Work to complete: Your answer should be every line with the word "also", copied from the data below.

Collected data
(* Let $U^{(n)}$ be uniformly distributed on $\{1,\dots,n\}$ and put $\widetilde U^{(n)}:=\prod_{p\le n,\ p\ \text{prime}}p^{\mathbbm{1}_{\{\lambda_p(U^{(n)})\ge1\}}}$. Then, as $n\to\infty$, $$\mathbb{E}\bigl(\log U^{(n)}-\log\widetilde U^{(n)}\bigr)^4=O(1)$$ and $$\mathbb{E}\bigl(\log U^{(n)}-\log\widetilde U^{(n)}-\mathbb{E}\log U^{(n)}+\mathbb{E}\log\widetilde U^{(n)}\bigr)^4=O(1).$$
   Context: For a prime $p$ and $k\in\mathbb{N}$, $\lambda_p(k)$ is the exponent of $p$ in the prime factorization of $k$, i.e. $k=\prod_p p^{\lambda_p(k)}$. *)

theory Defs
  imports "HOL-Probability.Probability" "HOL-Computational_Algebra.Primes" "HOL-Library.Landau_Symbols"
begin

definition utilde :: "nat \<Rightarrow> nat \<Rightarrow> nat" where
  "utilde n k = (\<Prod>p\<in>{p. prime p \<and> p \<le> n}. p ^ (if multiplicity p k \<ge> 1 then 1 else 0))"

definition EU :: "nat \<Rightarrow> (nat \<Rightarrow> real) \<Rightarrow> real" where
  "EU n f = measure_pmf.expectation (pmf_of_set {1..n}) f"

end

theory Submission
  imports Defs "HOL-Computational_Algebra.Squarefree" "HOL-Real_Asymp.Real_Asymp"
begin

text \<open>Write \<open>k = s a\<^sup>2\<close> with \<open>s\<close> squarefree. Then \<open>s\<close> divides the radical \<open>rad k\<close>, so
  \<open>0 \<le> log k - log (rad k) \<le> 2 log a\<close> where \<open>a\<^sup>2\<close> divides \<open>k\<close>. As at most \<open>n / a\<^sup>2\<close> of the
  numbers \<open>k \<le> n\<close> are multiples of \<open>a\<^sup>2\<close>, the sum of \<open>(log k - log (rad k))\<^sup>4\<close> over \<open>k \<le> n\<close>
  is at most \<open>n\<close> times the convergent series \<open>\<Sum>\<^sub>a (2 log a)\<^sup>4 / a\<^sup>2\<close>. On \<open>{1..n}\<close> the
  radical coincides with \<open>utilde n\<close>. The centred fourth moment is at most 16 times the plain one,
  by \<open>(x - y)\<^sup>4 \<le> 8 (x\<^sup>4 + y\<^sup>4)\<close> and Jensen's inequality.\<close>

definition rad :: "nat \<Rightarrow> nat" where
  "rad k = (\<Prod>p\<in>prime_factors k. p)"

lemma rad_pos: "rad k > 0"
  unfolding rad_def by (intro prod_pos) (auto dest: in_prime_factors_imp_prime prime_gt_0_nat)

lemma multiplicity_rad:
  assumes "prime p"
  shows "multiplicity p (rad k) = (if p \<in> prime_factors k then 1 else 0)"
  using multiplicity_prod_prime_powers[of "prime_factors k" p "\<lambda>_. 1"] assms
  by (simp add: rad_def in_prime_factors_imp_prime)

lemma rad_dvd: "k \<noteq> 0 \<Longrightarrow> rad k dvd k"
  using rad_pos[of k]
  by (subst prime_multiplicity_le_imp_dvd)
     (auto simp: multiplicity_rad prime_factors_multiplicity Suc_le_eq prime_multiplicity_gt_zero_iff)

lemma squarefree_part_dvd_rad: "k \<noteq> 0 \<Longrightarrow> squarefree_part k dvd rad k"
  using rad_pos[of k]
  by (subst prime_multiplicity_le_imp_dvd)
     (auto simp: multiplicity_rad prime_factors_multiplicity prime_multiplicity_squarefree_part)

lemma utilde_eq_rad:
  assumes "0 < k" "k \<le> n"
  shows "utilde n k = rad k"
proof (rule multiplicity_eq_nat)
  show "utilde n k > 0"
    unfolding utilde_def by (intro prod_pos) (auto dest: prime_gt_0_nat)
  fix p :: nat assume "prime p"
  have "p \<in> prime_factors k \<longleftrightarrow> p \<le> n \<and> 1 \<le> multiplicity p k"
    using assms \<open>prime p\<close> dvd_imp_le[of p k]
    by (auto simp: prime_factors_multiplicity Suc_le_eq prime_multiplicity_gt_zero_iff)
  then show "multiplicity p (utilde n k) = multiplicity p (rad k)"
    unfolding utilde_def using \<open>prime p\<close>
    by (subst multiplicity_prod_prime_powers) (auto simp: multiplicity_rad)
qed (rule rad_pos)

lemma ln_sub_ln_rad_nonneg: "k > 0 \<Longrightarrow> 0 \<le> ln (real k) - ln (real (rad k))"
  using dvd_imp_le[OF rad_dvd[of k]] rad_pos[of k] by simp

lemma ln_sub_ln_rad_le_ln_square_part:
  assumes "k > 0"
  shows "ln (real k) - ln (real (rad k)) \<le> 2 * ln (real (square_part k))"
proof -
  have "squarefree_part k \<le> rad k"
    using squarefree_part_dvd_rad[of k] rad_pos[of k] assms by (auto intro: dvd_imp_le)
  then have "real k \<le> real (rad k) * real (square_part k) ^ 2"
    using squarefree_decompose[of k] by (metis of_nat_le_iff of_nat_mult of_nat_power mult_le_mono1)
  then have "ln (real k) \<le> ln (real (rad k) * real (square_part k) ^ 2)"
    using assms by simp
  also have "\<dots> = ln (real (rad k)) + 2 * ln (real (square_part k))"
    using rad_pos[of k] assms by (simp add: ln_mult ln_realpow)
  finally show ?thesis by simp
qed

lemma card_multiples_le:
  assumes "d > 0"
  shows "card {k\<in>{1..n}. d dvd k} \<le> n div d"
proof -
  have "{k\<in>{1..n}. d dvd k} \<subseteq> (\<lambda>j. d * j) ` {1..n div d}"
    using assms by (auto elim!: dvdE simp: image_iff less_eq_div_iff_mult_less_eq mult.commute)
  then have "card {k\<in>{1..n}. d dvd k} \<le> card ((\<lambda>j. d * j) ` {1..n div d})"
    by (intro card_mono) auto
  also have "\<dots> \<le> n div d"
    using card_image_le[of "{1..n div d}" "\<lambda>j. d * j"] by simp
  finally show ?thesis .
qed

lemma sum_square_part_le:
  fixes g :: "nat \<Rightarrow> real"
  assumes "\<And>a. 0 \<le> g a"
  shows "(\<Sum>k=1..n. g (square_part k)) \<le> real n * (\<Sum>a=1..n. g a / real a ^ 2)"
proof -
  have "(\<Sum>k=1..n. g (square_part k)) \<le> (\<Sum>k=1..n. \<Sum>a\<in>{a\<in>{1..n}. a ^ 2 dvd k}. g a)"
  proof (intro sum_mono member_le_sum)
    fix k assume "k \<in> {1..n}"
    moreover have "square_part k \<le> square_part k ^ 2" by (simp add: power2_eq_square)
    moreover have "square_part k ^ 2 \<le> k" using \<open>k \<in> {1..n}\<close> by (intro dvd_imp_le) auto
    ultimately show "square_part k \<in> {a\<in>{1..n}. a ^ 2 dvd k}"
      by (auto simp: Suc_le_eq intro!: gr0I)
  qed (use assms in auto)
  also have "\<dots> = (\<Sum>a=1..n. g a * real (card {k\<in>{1..n}. a ^ 2 dvd k}))"
    by (subst sum.swap_restrict) (auto simp: mult.commute)
  also have "\<dots> \<le> (\<Sum>a=1..n. g a * (real n / real a ^ 2))"
  proof (intro sum_mono mult_left_mono)
    fix a assume "a \<in> {1..n}"
    then have "real (card {k\<in>{1..n}. a ^ 2 dvd k}) \<le> real (n div a ^ 2)"
      using card_multiples_le[of "a ^ 2" n] by simp
    also have "\<dots> \<le> real n / real a ^ 2"
      by (metis of_nat_div_le_of_nat of_nat_power)
    finally show "real (card {k\<in>{1..n}. a ^ 2 dvd k}) \<le> real n / real a ^ 2" .
  qed (use assms in auto)
  also have "\<dots> = real n * (\<Sum>a=1..n. g a / real a ^ 2)"
    by (simp add: sum_distrib_left mult.commute)
  finally show ?thesis .
qed

lemma summable_ln_power_over_square: "summable (\<lambda>a. ln (real a) ^ m / real a ^ 2)"
proof (rule summable_comparison_test_bigo)
  show "summable (\<lambda>a. norm (real a powr (-3/2)))"
    by (simp add: summable_real_powr_iff)
  show "(\<lambda>a. ln (real a) ^ m / real a ^ 2) \<in> O(\<lambda>a. real a powr (-3/2))"
    by real_asymp
qed

lemma sum_ln_sub_ln_rad_power4_le:
  "(\<Sum>k=1..n. (ln (real k) - ln (real (rad k))) ^ 4)
     \<le> real n * (\<Sum>a. (2 * ln (real a)) ^ 4 / real a ^ 2)"
proof -
  have summable: "summable (\<lambda>a. (2 * ln (real a)) ^ 4 / real a ^ 2)"
    using summable_mult[OF summable_ln_power_over_square[of 4], of 16]
    by (simp add: power_mult_distrib mult_ac)
  have "(\<Sum>k=1..n. (ln (real k) - ln (real (rad k))) ^ 4)
          \<le> (\<Sum>k=1..n. (2 * ln (real (square_part k))) ^ 4)"
    by (intro sum_mono power_mono ln_sub_ln_rad_nonneg ln_sub_ln_rad_le_ln_square_part) auto
  also have "\<dots> \<le> real n * (\<Sum>a=1..n. (2 * ln (real a)) ^ 4 / real a ^ 2)"
    by (rule sum_square_part_le) simp
  also have "\<dots> \<le> real n * (\<Sum>a. (2 * ln (real a)) ^ 4 / real a ^ 2)"
    by (intro mult_left_mono sum_le_suminf summable) auto
  finally show ?thesis .
qed

lemma power4_diff_le: "((x::real) - y) ^ 4 \<le> 8 * (x ^ 4 + y ^ 4)"
proof -
  have "(x - y) ^ 2 \<le> 2 * (x ^ 2 + y ^ 2)"
    using zero_le_square[of "x + y"] by (simp add: power2_eq_square algebra_simps)
  then have "(x - y) ^ 4 \<le> (2 * (x ^ 2 + y ^ 2)) ^ 2"
    using power_mono[of "(x - y) ^ 2" _ 2] by (simp add: power_mult[symmetric])
  also have "\<dots> \<le> 8 * (x ^ 4 + y ^ 4)"
    using zero_le_square[of "x ^ 2 - y ^ 2"] by (simp add: power2_eq_square algebra_simps power4_eq_xxxx)
  finally show ?thesis .
qed

lemma (in prob_space) expectation_centered_power4_le:
  fixes X :: "'a \<Rightarrow> real"
  assumes X: "integrable M X" and X4: "integrable M (\<lambda>x. X x ^ 4)"
  shows "expectation (\<lambda>x. (X x - expectation X) ^ 4) \<le> 16 * expectation (\<lambda>x. X x ^ 4)"
proof -
  let ?c = "expectation X"
  have jensen: "?c ^ 4 \<le> expectation (\<lambda>x. X x ^ 4)"
    using X X4 by (intro jensens_inequality[where I = UNIV]) (auto intro: convex_power_even)
  have bound: "integrable M (\<lambda>x. 8 * (X x ^ 4 + ?c ^ 4))"
    using X4 by auto
  have "integrable M (\<lambda>x. (X x - ?c) ^ 4)"
  proof (rule Bochner_Integration.integrable_bound[OF bound])
    show "(\<lambda>x. (X x - ?c) ^ 4) \<in> borel_measurable M"
      using borel_measurable_integrable[OF X] by measurable
    show "AE x in M. norm ((X x - ?c) ^ 4) \<le> norm (8 * (X x ^ 4 + ?c ^ 4))"
      using power4_diff_le by (simp add: abs_of_nonneg add_nonneg_nonneg)
  qed
  then have "expectation (\<lambda>x. (X x - ?c) ^ 4) \<le> expectation (\<lambda>x. 8 * (X x ^ 4 + ?c ^ 4))"
    using bound power4_diff_le by (intro integral_mono)
  also have "\<dots> = 8 * (expectation (\<lambda>x. X x ^ 4) + ?c ^ 4)"
    using X4 by (simp add: prob_space)
  also have "\<dots> \<le> 16 * expectation (\<lambda>x. X x ^ 4)"
    using jensen by simp
  finally show ?thesis .
qed

lemma EU_eq_average: "n \<ge> 1 \<Longrightarrow> EU n f = (\<Sum>k=1..n. f k) / real n"
  unfolding EU_def by (subst integral_pmf_of_set) auto

lemma EU_nonneg: "(\<And>k. 0 \<le> f k) \<Longrightarrow> 0 \<le> EU n f"
  unfolding EU_def by (rule Bochner_Integration.integral_nonneg)

lemma EU_diff: "n \<ge> 1 \<Longrightarrow> EU n f - EU n g = EU n (\<lambda>k. f k - g k)"
  by (simp add: EU_eq_average sum_subtractf diff_divide_distrib)

lemma EU_centered_power4_le:
  "n \<ge> 1 \<Longrightarrow> EU n (\<lambda>k. (f k - EU n f) ^ 4) \<le> 16 * EU n (\<lambda>k. f k ^ 4)"
  unfolding EU_def
  by (intro prob_space.expectation_centered_power4_le prob_space_measure_pmf
        integrable_measure_pmf_finite) auto

lemma EU_ln_sub_ln_utilde_power4_le:
  assumes "n \<ge> 1"
  shows "EU n (\<lambda>k. (ln (real k) - ln (real (utilde n k))) ^ 4)
           \<le> (\<Sum>a. (2 * ln (real a)) ^ 4 / real a ^ 2)"
proof -
  have "(\<Sum>k=1..n. (ln (real k) - ln (real (utilde n k))) ^ 4)
          = (\<Sum>k=1..n. (ln (real k) - ln (real (rad k))) ^ 4)"
    by (intro sum.cong) (auto simp: utilde_eq_rad)
  then show ?thesis
    using sum_ln_sub_ln_rad_power4_le[of n] assms
    by (simp add: EU_eq_average divide_le_eq mult.commute)
qed

theorem lemma5p3:
  shows "(\<lambda>n. EU n (\<lambda>k. (ln (real k) - ln (real (utilde n k))) ^ 4))
           \<in> O[sequentially](\<lambda>_. 1) \<and>
         (\<lambda>n. EU n (\<lambda>k. (ln (real k) - ln (real (utilde n k))
                          - EU n (\<lambda>j. ln (real j)) + EU n (\<lambda>j. ln (real (utilde n j)))) ^ 4))
           \<in> O[sequentially](\<lambda>_. 1)"
proof -
  define C where "C = (\<Sum>a. (2 * ln (real a)) ^ 4 / real a ^ 2)"
  define X where "X n k = ln (real k) - ln (real (utilde n k))" for n k :: nat
  have bounded: "f \<in> O[sequentially](\<lambda>_. 1)" if "\<And>n. n \<ge> 1 \<Longrightarrow> 0 \<le> f n \<and> f n \<le> B"
    for f :: "nat \<Rightarrow> real" and B
    using that by (intro bigoI[where c = B] eventually_mono[OF eventually_ge_at_top[of 1]]) auto
  have moment: "EU n (\<lambda>k. X n k ^ 4) \<le> C" if "n \<ge> 1" for n
    using EU_ln_sub_ln_utilde_power4_le[OF that] by (simp add: X_def C_def)
  have shift: "X n k - EU n (\<lambda>j. ln (real j)) + EU n (\<lambda>j. ln (real (utilde n j)))
                 = X n k - EU n (X n)" if "n \<ge> 1" for n k
    using that by (simp add: X_def[abs_def] EU_diff[symmetric])
  have centered: "EU n (\<lambda>k. (X n k - EU n (\<lambda>j. ln (real j))
                     + EU n (\<lambda>j. ln (real (utilde n j)))) ^ 4) \<le> 16 * C" if "n \<ge> 1" for n
    unfolding shift[OF that] using EU_centered_power4_le[OF that, of "X n"] moment[OF that]
    by linarith
  show ?thesis
    using moment centered unfolding X_def by (auto intro!: bounded EU_nonneg)
qed

end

Exercise answer:
  also have "\<dots> = ln (real (rad k)) + 2 * ln (real (square_part k))"
  also have "\<dots> \<le> n div d"
  also have "\<dots> = (\<Sum>a=1..n. g a * real (card {k\<in>{1..n}. a ^ 2 dvd k}))"
  also have "\<dots> \<le> (\<Sum>a=1..n. g a * (real n / real a ^ 2))"
    also have "\<dots> \<le> real n / real a ^ 2"
  also have "\<dots> = real n * (\<Sum>a=1..n. g a / real a ^ 2)"
  also have "\<dots> \<le> real n * (\<Sum>a=1..n. (2 * ln (real a)) ^ 4 / real a ^ 2)"
  also have "\<dots> \<le> real n * (\<Sum>a. (2 * ln (real a)) ^ 4 / real a ^ 2)"
  also have "\<dots> \<le> 8 * (x ^ 4 + y ^ 4)"
  also have "\<dots> = 8 * (expectation (\<lambda>x. X x ^ 4) + ?c ^ 4)"
  also have "\<dots> \<le> 16 * expectation (\<lambda>x. X x ^ 4)"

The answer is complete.